I still do not believe in a sustained bearish trend for the pound, but now everything depends not on economic indicators, Trump's trade policy, or central banks' monetary policy, but on the duration, scale, and consequences of the war in the Middle East. In recent weeks, the market had shifted toward expectations of de-escalation, but recent news suggests that a full ceasefire is still far away, and the conflict could resume at any moment. In that case, the bears' advantage could strengthen further.

Economic calendar for the US and the UK:

  • US – Change in ADP employment (12:15 UTC).

On May 6, the economic calendar contains only one entry that cannot be considered a major US labor market indicator.
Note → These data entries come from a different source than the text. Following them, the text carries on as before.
(* Let $n\ge k\ge d$ be positive integers and $\boldsymbol{\alpha}_k=(\alpha_1,\dots,\alpha_k)$ a list of $k$ distinct rational numbers. Let $\mathcal{Z}_{n,k,d}(\boldsymbol{\alpha}_k)\subseteq\mathbb{Q}^{n+d}$ be the set of points $(z_1,\dots,z_n;z_{n+1},\dots,z_{n+d})$ such that every coordinate lies in $\{\alpha_1,\dots,\alpha_k\}$, the coordinates $z_{n+1},\dots,z_{n+d}$ are distinct, and $\{z_1,\dots,z_n\}=\{z_{n+1},\dots,z_{n+d}\}$. Then the vanishing ideal $\mathbf{I}(\mathcal{Z}_{n,k,d}(\boldsymbol{\alpha}_k))\subseteq\mathbb{Q}[x_1,\dots,x_n,y_1,\dots,y_d]$ is generated by \begin{itemize} \item $e_r(\boldsymbol{\alpha}_k) - e_{r-1}(\boldsymbol{\alpha}_k)h_1(\mathbf{y}_d) + \cdots + (-1)^r h_r(\mathbf{y}_d)$ for all $r>k-d$, \item $e_r(\mathbf{x}_n) - e_{r-1}(\mathbf{x}_n)h_1(\mathbf{y}_d)+\cdots+(-1)^r h_r(\mathbf{y}_d)$ for all $r>n-d$, \item $x_i^d - x_i^{d-1}e_1(\mathbf{y}_d)+\cdots+(-1)^d e_d(\mathbf{y}_d)$ for $i=1,\dots,n$. \end{itemize}
   Context: The coordinate ring of $\mathbb{Q}^{n+d}$ is identified with $\mathbb{Q}[\mathbf{x}_n,\mathbf{y}_d]$, $\mathbf{x}_n=(x_1,\dots,x_n)$, $\mathbf{y}_d=(y_1,\dots,y_d)$. For a set $\mathcal{Z}$, $\mathbf{I}(\mathcal{Z})$ is the ideal of polynomials vanishing on $\mathcal{Z}$. $e_r,h_r$ are elementary and complete homogeneous symmetric polynomials (with $e_0=h_0=1$, $e_r=0$ when $r$ exceeds the number of variables). *)

theory Defs
  imports Complex_Main "HOL-Library.Poly_Mapping"
begin

text \<open>Multivariate polynomials over the rationals in the variables indexed by nat:
  a monomial is a finitely supported exponent map nat \<Rightarrow>0 nat, a polynomial
  a finitely supported coefficient map on monomials (product = convolution).\<close>

type_synonym mpoly = "(nat \<Rightarrow>\<^sub>0 nat) \<Rightarrow>\<^sub>0 rat"

definition Var :: "nat \<Rightarrow> mpoly" where
  "Var i = Poly_Mapping.single (Poly_Mapping.single i 1) 1"

definition Const :: "rat \<Rightarrow> mpoly" where
  "Const c = Poly_Mapping.single 0 c"

definition vars :: "mpoly \<Rightarrow> nat set" where
  "vars p = (\<Union>m\<in>Poly_Mapping.keys p. Poly_Mapping.keys (m::nat \<Rightarrow>\<^sub>0 nat))"

definition eval :: "mpoly \<Rightarrow> (nat \<Rightarrow> rat) \<Rightarrow> rat" where
  "eval p z = (\<Sum>m\<in>Poly_Mapping.keys p. Poly_Mapping.lookup p m * (\<Prod>i\<in>Poly_Mapping.keys (m::nat \<Rightarrow>\<^sub>0 nat). z i ^ Poly_Mapping.lookup m i))"

definition polyring :: "nat \<Rightarrow> mpoly set" where
  "polyring N = {p. vars p \<subseteq> {..<N}}"

definition ideal_gen :: "nat \<Rightarrow> mpoly set \<Rightarrow> mpoly set" where
  "ideal_gen N G = {p. \<exists>F c. finite F \<and> F \<subseteq> G \<and> (\<forall>g\<in>F. c g \<in> polyring N) \<and>
                        p = (\<Sum>g\<in>F. c g * g)}"

definition vanishing_ideal :: "nat \<Rightarrow> (nat \<Rightarrow> rat) set \<Rightarrow> mpoly set" where
  "vanishing_ideal N Z = {p \<in> polyring N. \<forall>z\<in>Z. eval p z = 0}"

definition esym :: "nat \<Rightarrow> 'a::comm_ring_1 list \<Rightarrow> 'a" where
  "esym r l = (\<Sum>S\<in>{S. S \<subseteq> {..<length l} \<and> card S = r}. \<Prod>i\<in>S. l ! i)"

definition hsym :: "nat \<Rightarrow> 'a::comm_ring_1 list \<Rightarrow> 'a" where
  "hsym r l = (\<Sum>f\<in>{f. (\<forall>i. i \<ge> length l \<longrightarrow> f i = 0) \<and> (\<Sum>i<length l. f i) = r}.
                  \<Prod>i<length l. (l ! i) ^ f i)"

text \<open>x_i is Var (i-1) for i = 1..n, y_j is Var (n+j-1) for j = 1..d.\<close>
definition xs :: "nat \<Rightarrow> mpoly list" where "xs n = map Var [0..<n]"
definition ys :: "nat \<Rightarrow> nat \<Rightarrow> mpoly list" where "ys n d = map Var [n..<n+d]"

text \<open>Points (z_1..z_n; z_{n+1}..z_{n+d}) stored as z 0 .. z (n+d-1), zero elsewhere.\<close>
definition Zset :: "nat \<Rightarrow> nat \<Rightarrow> rat list \<Rightarrow> (nat \<Rightarrow> rat) set" where
  "Zset n d \<alpha> = {z. (\<forall>i<n+d. z i \<in> set \<alpha>) \<and> (\<forall>i\<ge>n+d. z i = 0) \<and>
                    inj_on z {n..<n+d} \<and> z ` {..<n} = z ` {n..<n+d}}"

definition gens :: "nat \<Rightarrow> nat \<Rightarrow> nat \<Rightarrow> rat list \<Rightarrow> mpoly set" where
  "gens n k d \<alpha> =
     {(\<Sum>j\<le>r. (-1)^j * esym (r-j) (map Const \<alpha>) * hsym j (ys n d)) | r. r > k - d}
   \<union> {(\<Sum>j\<le>r. (-1)^j * esym (r-j) (xs n) * hsym j (ys n d)) | r. r > n - d}
   \<union> {(\<Sum>j\<le>d. (-1)^j * Var i ^ (d-j) * esym j (ys n d)) | i. i < n}"

end

theory Submission
  imports Defs "HOL-Library.FuncSet" "HOL-Computational_Algebra.Polynomial_FPS"
begin

(*
  Write E_u(t) = prod_i (1 + u_i t) for a list u. The generators of the first two families are
  the coefficients of t^r, r > |u| - |v|, in E_u(t) / E_v(t) for (u, v) = (alpha, y) and (x, y).
  At a point they all vanish iff E_v(t) divides E_u(t), i.e. iff v is a submultiset of u; in
  particular they vanish on Z.

  Conversely, Lagrange interpolation of each y_j over the nodes alpha gives a partition of unity
  1 = sum_b E_b. Since prod_c (y_j - c) lies in the ideal I, multiplication by y_j acts on E_b
  modulo I as the scalar b_j, so E_b p = p(b) E_b modulo I. If b is not injective, a generator of
  the first family does not vanish at b, which forces E_b into I. Otherwise the third family lets
  the x_i be interpolated over the values of b in the same way, giving E_b E'_a p = p(a; b) E_b E'_a
  modulo I: either a misses a value of b and a generator of the second family forces E_b E'_a
  into I, or (a; b) lies in Z and p vanishes there.
*)

unbundle fps_syntax

section \<open>Evaluation and variables of polynomials\<close>

definition eval_monomial :: "(nat \<Rightarrow>\<^sub>0 nat) \<Rightarrow> (nat \<Rightarrow> rat) \<Rightarrow> rat" where
  "eval_monomial m z = (\<Prod>i\<in>Poly_Mapping.keys m. z i ^ Poly_Mapping.lookup m i)"

lemma eval_monomial_superset:
  assumes "finite S" "Poly_Mapping.keys m \<subseteq> S"
  shows "eval_monomial m z = (\<Prod>i\<in>S. z i ^ Poly_Mapping.lookup m i)"
  unfolding eval_monomial_def
  by (rule prod.mono_neutral_left[OF assms]) (auto simp: in_keys_iff)

lemma eval_monomial_zero [simp]: "eval_monomial 0 z = 1"
  by (simp add: eval_monomial_def)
The impact of the news background on market sentiment on Wednesday may be very weak.

GBP/USD forecast and trading advice:

Selling the pair is possible today if there is a rebound on the hourly chart from the 1.3596–1.3620 level, with a target of 1.3526–1.3539. Buying opportunities were available on a rebound from the 1.3513–1.3539 level with a target of 1.3596–1.3620. The target has been reached. New buying positions can be considered if the price closes above the 1.3611–1.3620 level, with a target of 1.3700.

Fibonacci levels are built from 1.3866–1.3158 on the hourly chart and from 1.3012–1.3868 on the 4-hour chart.